Desconcierto, Confusión, precipitación

Balance del año 2000 en materia de teatro

Luego de más de quinientas páginas, Hobsbawm evidencia un desconcierto absoluto, cercano al estupor, ante el mundo de hoy, al que no intenta seriamente comprender, atareado como está en la recopilación de mil y un datos enhebrados al correr de sus psiqueos, donde no faltan fatuas referencias de gloria refleja, como –según él– sus encuentros con Crick.

Bloom, por su parte, uno de los más temibles espantajos literarios de este fin de siglo y, sin la menor duda, uno de sus peores y más avinagrados escritores, agobiado por la proliferación de libros que sabe no podrá leer, hipnotizado como está por la riqueza, a la que ve como el origen de todos los bienes, parece confundir la literatura con el producto bruto interno: «…el verdadero uso de Shakespeare o de Cervantes… es aumentar el propio y creciente yo» o, lo que para Bloom es lo mismo, «…nuestra propia soledad», lo que lo lleva, por supuesto, a la conclusión de que el «Ca.non», o sea lo más granado de la literatura de Occidente, es nada menos que el «embajador de la muerte».

Cuando uno recuerda los felices días de lectura de nuestra infancia, que nuestro padre restringía a un capítulo de Julio Verne por día, porque de lo contrario dejaríamos de comer y de dormir, la idea que tiene Bloom de la lectura parece, en vez de aquel sueño de felicidad, una pesadilla de la que querríamos despertar.

El desdichado Bloom comenta a los comentaristas, nos trasmite su agonía porque nunca podrá leerlo todo y más aún porque habrá por allí críticos de izquierda, formados para peor en sus aulas, que van a enjuiciar su obra… neurosis estrictamente contemporánea, que posterga el necesario pensamiento en tanto no obtengamos todos los datos, balumba que, ya se sabe, no podrá lograrse jamás pero que justifica la abdicación del pensamiento en beneficio del marasmo informático y el despilfarro en publicidad.

Desconcierto, confusión, precipitación: estas tres palabras, que definen parte de la historia y la literatura de hoy, definen también el carácter general de nuestro teatro: la globalización ha llegado hasta nuestro escondrijo.

 

79 espectáculos nacionales

Hemos visto este año sesenta y nueve espectáculos nacionales. De ellos son la excepción, y desde ya diremos que son los mejores, aquellos en los que el autor ha tenido una idea clara de lo que se propuso hacer y aun tuvo la lucidez de saber que los medios a su alcance eran los adecuados para realizarlo, ya fueren estos medios su propio talento de escritor, el elenco de actores disponible y los auxilios materiales a su alcance.
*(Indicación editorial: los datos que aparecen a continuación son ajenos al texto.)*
lemma cheatA_dist_Bit_le:
  assumes "density \<rho>" "\<forall>b'. povm (M b')"
  shows "cheatA_dist \<rho> M (Bit c) \<le> 1/2 + sqrt 2 / 4"
proof -
  have psd_\<rho>: "psd \<rho>" and trace_\<rho>: "(\<Sum>x\<in>UNIV. \<rho> x x) = 1"
    using assms(1) by (simp_all add: density_def)
  let ?bound = "\<lambda>\<beta>. Re (trace_prod (tensor (alice_bound \<beta>) id_mat) \<rho>)"
  have "(\<Sum>x\<in>UNIV. Re (trace_prod (tensor (proj (phi \<beta> x)) (M b' (\<beta>, x))) \<rho>)) \<le> ?bound \<beta>"
    for \<beta> b'
  proof -
    have "(\<Sum>x\<in>UNIV. Re (trace_prod (tensor (proj (phi \<beta> x)) (M b' (\<beta>, x))) \<rho>)) =
        (\<Sum>r\<in>Pair \<beta> ` UNIV. Re (trace_prod (tensor (proj (phi (fst r) (snd r))) (M b' r)) \<rho>))"
      by (simp add: sum.reindex inj_on_def)
    also have "\<dots> \<le> ?bound \<beta>"
      using assms(2) psd_\<rho> psd_alice_bound
      by (intro povm_trace_prod_tensor_le) (auto simp: psd_alice_bound_minus_proj_phi)
    finally show ?thesis .
  qed
  then have "cheatA_dist \<rho> M (Bit c) \<le> 1/2 * (\<Sum>b'\<in>UNIV. ?bound (c \<noteq> b'))"
    unfolding cheatA_dist_Bit by (intro mult_left_mono sum_mono) auto
  also have "(\<Sum>b'\<in>UNIV. ?bound (c \<noteq> b')) = ?bound False + ?bound True"
    by (cases c) (simp_all add: UNIV_bool)
  also have "\<dots> =
      Re (trace_prod (tensor (\<lambda>i j. alice_bound False i j + alice_bound True i j) id_mat) \<rho>)"
    by (simp add: tensor_add_left trace_prod_add_left)
  also have "\<dots> = 1 + sqrt 2 / 2"
    by (simp add: alice_bound_sum tensor_scalar_id trace_prod_scalar_id trace_\<rho>)
  finally show ?thesis by simp
qed

lemma scalar_id_minus_proj_phi_sum:
  "of_real (2 * (cos theta)\<^sup>2) * id_mat i j - (proj (phi \<beta> False) i j + proj (phi \<beta> True) i j) =
     (if i = j then of_real (if i = \<beta> then 0 else 2 * ((cos theta)\<^sup>2 - (sin theta)\<^sup>2)) else 0)"
  by (cases \<beta>; cases i; cases j) (simp_all add: id_mat_def proj_def phi_values power2_eq_square)

lemma psd_scalar_id_minus_proj_phi_sum:
  "psd (\<lambda>i j. of_real (2 * (cos theta)\<^sup>2) * id_mat i j
      - (proj (phi \<beta> False) i j + proj (phi \<beta> True) i j))"
proof -
  have "(cos theta)\<^sup>2 - (sin theta)\<^sup>2 \<ge> 0"
    unfolding cos_sq_minus_sin_sq_theta by simp
  then show ?thesis
    unfolding scalar_id_minus_proj_phi_sum by (intro psd_diagonal) simp
qed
No discutimos, por ahora, el valor objetivo de las realizaciones; sólo enunciamos los dos primeros problemas que se plantea, lo quiera o no, todo artista ante la página blanca.

Primero, saber qué se propone; segundo, cómo va a realizarlo. Parece simple, pero hay serios indicios de que la mayoría de las obras pasó demasiado rápidamente por este proceso previo de reflexión.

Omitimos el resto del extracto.